I manually check and cleaned NFS share before every try...

Please inspect what's going on...

Version-Release number of selected component (if applicable):
vdsm-4.15.0-78.git349f848.el6.x86_64

How reproducible:
???

Steps to Reproduce:
1. add first data domain
2.
3.

Actual results:
fail, fail, fail... then it was successfully added

Expected results:
work out of the box

Additional info:
my DC is 3.4 version/CL is 3.4 version as well

Comment 1 Allon Mureinik 2014-06-14 10:50:35 UTC
Fede, could this be related to your refactoring in the pool metadata handling?
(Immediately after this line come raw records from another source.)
lemma affine_real_fun_diff:
  "affine_real_fun g \<Longrightarrow> affine_real_fun h \<Longrightarrow> affine_real_fun (\<lambda>t. g t - h t)"
  unfolding affine_real_fun_def by (metis (no_types, opaque_lifting) add_diff_add left_diff_distrib)

lemma additive_homogeneous_on_spanning_imp_linear:
  fixes g :: "'a::real_vector \<Rightarrow> 'b::real_vector"
  assumes add: "\<And>u v. g (u + v) = g u + g v"
    and hom: "\<And>c w. w \<in> C \<Longrightarrow> g (c *\<^sub>R w) = c *\<^sub>R g w"
    and spanning: "span C = UNIV"
  shows "linear g"
proof -
  let ?S = "{v. \<forall>c. g (c *\<^sub>R v) = c *\<^sub>R g v}"
  have "g 0 = 0" using add[of 0 0] by simp
  then have "subspace ?S" by (auto simp: subspace_def add scaleR_add_right)
  then have "span C \<subseteq> ?S" using hom by (intro span_minimal) auto
  then show ?thesis using spanning by (auto intro!: linearI add)
qed

lemma affine_maps_iff_linear: "f \<in> affine_maps \<longleftrightarrow> linear (\<lambda>v. f v - f 0)"
proof
  assume "f \<in> affine_maps"
  then obtain l c where "linear l" "\<And>v. f v = l v + c" unfolding affine_maps_def by blast
  moreover have "l 0 = 0" using \<open>linear l\<close> by (rule linear_0)
  ultimately show "linear (\<lambda>v. f v - f 0)" by simp
next
  assume "linear (\<lambda>v. f v - f 0)"
  then show "f \<in> affine_maps" unfolding affine_maps_def by force
qed

lemma affine_maps_zero: "(\<lambda>_. 0) \<in> affine_maps"
  by (simp add: affine_maps_iff_linear linear_zero)

lemma affine_maps_add: "f \<in> affine_maps \<Longrightarrow> g \<in> affine_maps \<Longrightarrow> (\<lambda>v. f v + g v) \<in> affine_maps"
  unfolding affine_maps_iff_linear by (drule (1) linear_compose_add) (simp add: algebra_simps)

lemma affine_maps_scale: "f \<in> affine_maps \<Longrightarrow> (\<lambda>v. c * f v) \<in> affine_maps"
  unfolding affine_maps_iff_linear
  by (drule linear_compose_scale_right[where c = c]) (simp add: algebra_simps)

lemma affine_maps_translate:
  assumes "f \<in> affine_maps"
  shows "(\<lambda>v. f (v + u)) \<in> affine_maps"
proof -
  have l: "linear (\<lambda>v. f v - f 0)" using assms by (simp add: affine_maps_iff_linear)
  have "f (v + u) - f (0 + u) = f v - f 0" for v using linear_add[OF l, of v u] by simp
  then show ?thesis using l by (simp add: affine_maps_iff_linear)
qed

lemma affine_maps_product_decomp:
  assumes "f \<in> affine_maps"
  shows "linear (\<lambda>x. f (x, 0) - f (0, 0))" and "linear (\<lambda>z. f (0, z) - f (0, 0))"
    and "f (x, z) = f (x, 0) + f (0, z) - f (0, 0)"
proof -
  define l where "l v = f v - f 0" for v
  have l: "linear l" using assms by (simp add: affine_maps_iff_linear l_def[abs_def])
  have "linear (l \<circ> (\<lambda>x. (x, 0)))" "linear (l \<circ> (\<lambda>z. (0, z)))"
    by (intro linear_compose[OF _ l]; simp add: linear_iff)+
  then show "linear (\<lambda>x. f (x, 0) - f (0, 0))" "linear (\<lambda>z. f (0, z) - f (0, 0))"
    by (simp_all add: l_def o_def zero_prod_def)
  have "l (x, z) = l (x, 0) + l (0, z)" using linear_add[OF l, of "(x, 0)" "(0, z)"] by simp
  then show "f (x, z) = f (x, 0) + f (0, z) - f (0, 0)" by (simp add: l_def zero_prod_def)
qed

section \<open>Vertical differences\<close>

definition vdiff :: "'b::real_vector \<Rightarrow> ('a::real_vector \<times> 'b \<Rightarrow> real) \<Rightarrow> 'a \<times> 'b \<Rightarrow> real" where
  "vdiff v F p = F (p + (0, v)) - F p"

lemma vdiff_commute: "vdiff u (vdiff v F) = vdiff v (vdiff u F)"
  by (rule ext) (simp add: vdiff_def algebra_simps)

lemma vdiff_zero_fun: "vdiff v (\<lambda>_. 0) = (\<lambda>_. 0)"
  by (rule ext) (simp add: vdiff_def)

lemma vdiff_add: "vdiff (u + v) F = (\<lambda>p. vdiff u F (p + (0, v)) + vdiff v F p)"
  by (rule ext) (simp add: vdiff_def algebra_simps)

lemma carnot_mult_translate_vertical: "carnot_mult br (p + (0, v)) q = carnot_mult br p q + (0, v)"
  by (simp add: carnot_mult_def)

lemma vdiff_h_affine: "F \<in> h_affine_maps br \<Longrightarrow> vdiff v F \<in> h_affine_maps br"
  unfolding h_affine_maps_def vdiff_def
  by (auto simp flip: carnot_mult_translate_vertical intro: affine_real_fun_diff)

section \<open>Horizontally affine maps\<close>

locale skew_bracket =
  fixes br :: "'a::real_vector \<Rightarrow> 'a \<Rightarrow> 'b::real_vector"
  assumes bilinear_br: "bilinear br" and skew: "br x y = - br y x"
begin

abbreviation brackets :: "'b set" where
  "brackets \<equiv> range (\<lambda>(x, y). br x y)"

lemmas br_simps = bilinear_ladd[OF bilinear_br] bilinear_radd[OF bilinear_br]
  bilinear_lmul[OF bilinear_br] bilinear_rmul[OF bilinear_br]
  bilinear_lneg[OF bilinear_br] bilinear_rneg[OF bilinear_br]
  bilinear_lsub[OF bilinear_br] bilinear_rsub[OF bilinear_br]
  bilinear_lzero[OF bilinear_br] bilinear_rzero[OF bilinear_br]

lemma br_self [simp]: "br x x = 0"
proof -
  have "2 *\<^sub>R br x x = 0" using skew[of x x] by (simp add: scaleR_2 eq_neg_iff_add_eq_0)
  then show ?thesis by simp
qed

lemma h_affine_maps_iff:
  "f \<in> h_affine_maps br \<longleftrightarrow> (\<forall>x z y. affine_real_fun (\<lambda>t. f (x + t *\<^sub>R y, z + t *\<^sub>R br x y)))"
  unfolding h_affine_maps_def carnot_mult_def by (auto simp: br_simps)

lemma h_affine_vertical_bracket:
  assumes "f \<in> h_affine_maps br"
  shows "affine_real_fun (\<lambda>t. f (x, z + t *\<^sub>R br u y))"
proof -
  have line: "affine_real_fun (\<lambda>t. f (x + t *\<^sub>R y, z + t *\<^sub>R br x y))" for x z y
    using assms h_affine_maps_iff by blast
  text \<open>\<open>(x, z + t [u, y])\<close> is the midpoint of the horizontal segment through it in direction
    \<open>u + t y\<close>, whose endpoints move along horizontal lines as \<open>t\<close> varies.\<close>
  have midpoint: "f (x, z + t *\<^sub>R br u y) =
      (f (x + u + t *\<^sub>R y, z + br x u + t *\<^sub>R br (x + u) y)
       + f (x - u + t *\<^sub>R (- y), z - br x u + t *\<^sub>R br (x - u) (- y))) / 2" for t
  proof -
    let ?v = "u + t *\<^sub>R y"
    have "affine_real_fun (\<lambda>s. f (x + s *\<^sub>R ?v, (z + t *\<^sub>R br u y) + s *\<^sub>R br x ?v))"
      by (rule line)
    from this[unfolded affine_real_fun_iff, rule_format, of "- 1"] show ?thesis
      by (simp add: br_simps algebra_simps)
  qed
  show ?thesis
    unfolding midpoint by (intro affine_real_fun_scale[where c = "1 / 2", simplified] affine_real_fun_add line)
qed

lemma vdiff_scale_bracket:
  assumes "F \<in> h_affine_maps br" and "w \<in> brackets"
  shows "vdiff (c *\<^sub>R w) F = (\<lambda>p. c * vdiff w F p)"
proof
  fix p :: "'a \<times> 'b"
  obtain x z where p: "p = (x, z)" by fastforce
  from \<open>w \<in> brackets\<close> obtain u y where w: "w = br u y" by auto
  have "affine_real_fun (\<lambda>t. F (x, z + t *\<^sub>R w))"
    unfolding w using assms(1) by (rule h_affine_vertical_bracket)
  from this[unfolded affine_real_fun_iff, rule_format, of c] show "vdiff (c *\<^sub>R w) F p = c * vdiff w F p"
    by (simp add: vdiff_def p)
qed
text \<open>The integral in \<open>frac_lap_trunc\<close> without the factor 2, taken as a Lebesgue integral so
  that dominated bounds are available.\<close>

definition frac_tail :: "real \<Rightarrow> (real \<Rightarrow> real) \<Rightarrow> real \<Rightarrow> real \<Rightarrow> real" where
  "frac_tail s u x r = (LINT y:{y. r \<le> \<bar>y - x\<bar>}|lborel. frac_kernel s u x y)"

lemma abs_frac_kernel:
  "\<bar>frac_kernel s u x y\<bar> = \<bar>u x - u y\<bar> * \<bar>y - x\<bar> powr (- (1 + 2 * s))"
proof -
  have "\<bar>y - x\<bar> powr (- (1 + 2 * s)) = inverse (\<bar>x - y\<bar> powr (1 + 2 * s))"
    by (simp only: powr_minus abs_minus_commute)
  thus ?thesis by (simp add: frac_kernel_def divide_inverse abs_mult)
qed

lemma frac_kernel_measurable [measurable]:
  assumes [measurable]: "u \<in> borel_measurable borel"
  shows "frac_kernel s u x \<in> borel_measurable borel"
  unfolding frac_kernel_def by measurable

lemma frac_tail_integrable:
  assumes [measurable]: "u \<in> borel_measurable borel"
    and osc: "\<And>x y. \<bar>u x - u y\<bar> \<le> M" and "s > 0" "r > 0"
  shows "set_integrable lborel {y. r \<le> \<bar>y - x\<bar>} (frac_kernel s u x)"
proof (rule set_integrable_bound)
  show "set_integrable lborel {y. r \<le> \<bar>y - x\<bar>} (\<lambda>y. M * \<bar>y - x\<bar> powr (- (1 + 2 * s)))"
    using set_integrable_abs_powr_far[of "- (1 + 2 * s)" r x] assms(3,4) by simp
  show "set_borel_measurable lborel {y. r \<le> \<bar>y - x\<bar>} (frac_kernel s u x)"
    unfolding set_borel_measurable_def by measurable
  have "\<bar>frac_kernel s u x y\<bar> \<le> \<bar>M * \<bar>y - x\<bar> powr (- (1 + 2 * s))\<bar>" for y
    unfolding abs_frac_kernel using osc[of x y] by (simp add: abs_mult mult_right_mono)
  thus "AE y in lborel. y \<in> {y. r \<le> \<bar>y - x\<bar>} \<longrightarrow>
      norm (frac_kernel s u x y) \<le> norm (M * \<bar>y - x\<bar> powr (- (1 + 2 * s)))"
    by simp
qed

lemma frac_tail_measurable [measurable]:
  assumes [measurable]: "u \<in> borel_measurable borel" "r \<in> borel_measurable borel"
  shows "(\<lambda>x. frac_tail s u x (r x)) \<in> borel_measurable borel"
  unfolding frac_tail_def set_lebesgue_integral_def frac_kernel_def by measurable

lemma frac_lap_trunc_eq_frac_tail:
  assumes "u \<in> borel_measurable borel" "\<And>x y. \<bar>u x - u y\<bar> \<le> M" "s > 0" "r > 0"
  shows "frac_lap_trunc s u x r = 2 * frac_tail s u x r"
proof -
  have "UNIV - {x - r<..<x + r} = {y. r \<le> \<bar>y - x\<bar>}" by auto
  moreover have "(LINT y:{y. r \<le> \<bar>y - x\<bar>}|lborel. frac_kernel s u x y)
      = integral {y. r \<le> \<bar>y - x\<bar>} (frac_kernel s u x)"
    by (rule set_borel_integral_eq_integral(2)[OF frac_tail_integrable[OF assms]])
  ultimately show ?thesis
    by (simp add: frac_lap_trunc_def frac_tail_def frac_kernel_def[abs_def])
qed

lemma frac_tail_reflect:
  assumes "\<And>y. u (c - y) = A - u y"
  shows "frac_tail s u (c - x) r = - frac_tail s u x r"
proof -
  have "frac_tail s u (c - x) r
      = (\<integral>y. indicator {y. r \<le> \<bar>y - (c - x)\<bar>} (c - y) * frac_kernel s u (c - x) (c - y) \<partial>lborel)"
    unfolding frac_tail_def set_lebesgue_integral_def
    by (simp add: lborel_integral_reflect[where f = "\<lambda>y. indicator _ y * frac_kernel s u (c - x) y"])
  also have "\<dots> = (\<integral>y. - (indicator {y. r \<le> \<bar>y - x\<bar>} y * frac_kernel s u x y) \<partial>lborel)"
  proof (rule Bochner_Integration.integral_cong)
    fix y
    have "\<bar>c - y - (c - x)\<bar> = \<bar>y - x\<bar>" "\<bar>c - x - (c - y)\<bar> = \<bar>x - y\<bar>" by simp_all
    moreover have "u (c - x) - u (c - y) = - (u x - u y)" using assms by simp
    ultimately show "indicator {y. r \<le> \<bar>y - (c - x)\<bar>} (c - y) * frac_kernel s u (c - x) (c - y)
        = - (indicator {y. r \<le> \<bar>y - x\<bar>} y * frac_kernel s u x y)"
      unfolding frac_kernel_def indicator_def by (simp add: minus_divide_left[of "u x - u y"])
  qed simp
  finally show ?thesis by (simp add: frac_tail_def set_lebesgue_integral_def)
qed

lemma frac_tail_eq_if_affine_near:
  assumes u: "u \<in> borel_measurable borel" "\<And>x y. \<bar>u x - u y\<bar> \<le> M" "s > 0"
    and affine: "\<And>y. \<bar>y - x\<bar> < \<rho> \<Longrightarrow> u y = a * y + b"
    and r: "0 < r" "r \<le> \<rho>"
  shows "frac_tail s u x r = frac_tail s u x \<rho>"
proof -
  define A where "A = {y. r \<le> \<bar>y - x\<bar> \<and> \<bar>y - x\<bar> < \<rho>}"
  have A_borel [measurable]: "A \<in> sets borel" unfolding A_def by measurable
  define g where "g = (\<lambda>y. indicator A y * frac_kernel s u x y)"
  have "g (2 * x - y) = - g y" for y
  proof (cases "y \<in> A")
    case True
    have "u x = a * x + b" "u y = a * y + b" "u (2 * x - y) = a * (2 * x - y) + b"
      using True affine r by (auto simp: A_def abs_minus_commute)
    hence "u x - u (2 * x - y) = - (u x - u y)" by (simp add: algebra_simps)
    moreover have "2 * x - y \<in> A" "\<bar>x - (2 * x - y)\<bar> = \<bar>x - y\<bar>"
      using True by (auto simp: A_def)
    ultimately show ?thesis using True
      by (simp add: g_def frac_kernel_def minus_divide_left[of "u x - u y"])
  next
    case False
    hence "2 * x - y \<notin> A" by (auto simp: A_def)
    with False show ?thesis by (simp add: g_def)
  qed
  hence "(\<integral>y. g y \<partial>lborel) = - (\<integral>y. g y \<partial>lborel)"
    using lborel_integral_reflect[of g "2 * x"] by simp
  hence A_zero: "(LINT y:A|lborel. frac_kernel s u x y) = 0"
    by (simp add: set_lebesgue_integral_def g_def)
  have tail_r: "set_integrable lborel {y. r \<le> \<bar>y - x\<bar>} (frac_kernel s u x)"
    using frac_tail_integrable[OF u r(1)] .
  have split: "{y. r \<le> \<bar>y - x\<bar>} = A \<union> {y. \<rho> \<le> \<bar>y - x\<bar>}" using r by (auto simp: A_def)
  have "frac_tail s u x r
      = (LINT y:A|lborel. frac_kernel s u x y) + (LINT y:{y. \<rho> \<le> \<bar>y - x\<bar>}|lborel. frac_kernel s u x y)"
    unfolding frac_tail_def split
    by (intro set_integral_Un set_integrable_subset[OF tail_r]) (use r in \<open>auto simp: A_def\<close>)
  with A_zero show ?thesis by (simp add: frac_tail_def)
qed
Please take a look.

Comment 2 Daniel Erez 2014-06-18 14:54:43 UTC
According to the described scenario, it looks like a duplicate of bug 1109156 (should probably be included in 3.5 alpha-3 build).

Comment 3 Federico Simoncelli 2014-07-14 10:59:53 UTC
I haven't been able to reproduce this (never noticed in my environment) and I couldn't find any vdsm log attached.

Can you please try to reproduce and ping me to debug the issue together?
Thanks.

Comment 4 Daniel Erez 2014-07-14 11:28:26 UTC
(In reply to Daniel Erez from comment #2)
> According to the described scenario, it looks like a duplicate of bug
> 1109156 (should probably be included in 3.5 alpha-3 build).

Sorry, meant duplicate of bug 1107945.

Comment 5 Federico Simoncelli 2014-07-14 11:31:28 UTC
(In reply to Daniel Erez from comment #4)
> (In reply to Daniel Erez from comment #2)
> > According to the described scenario, it looks like a duplicate of bug
> > 1109156 (should probably be included in 3.5 alpha-3 build).
> 
> Sorry, meant duplicate of bug 1107945.

Thanks. Tracking bug 1107945 state in order to verify this scenario as well.

Comment 6 Jiri Belka 2014-07-24 11:49:14 UTC
I can't reproduce with ovirt-3.5.0-beta1.1.

Comment 7 Jiri Belka 2014-07-24 11:51:25 UTC
#6 is valid anyway ;)

Comment 8 Sandro Bonazzola 2014-10-17 12:24:25 UTC
oVirt 3.5 has been released and should include the fix for this issue.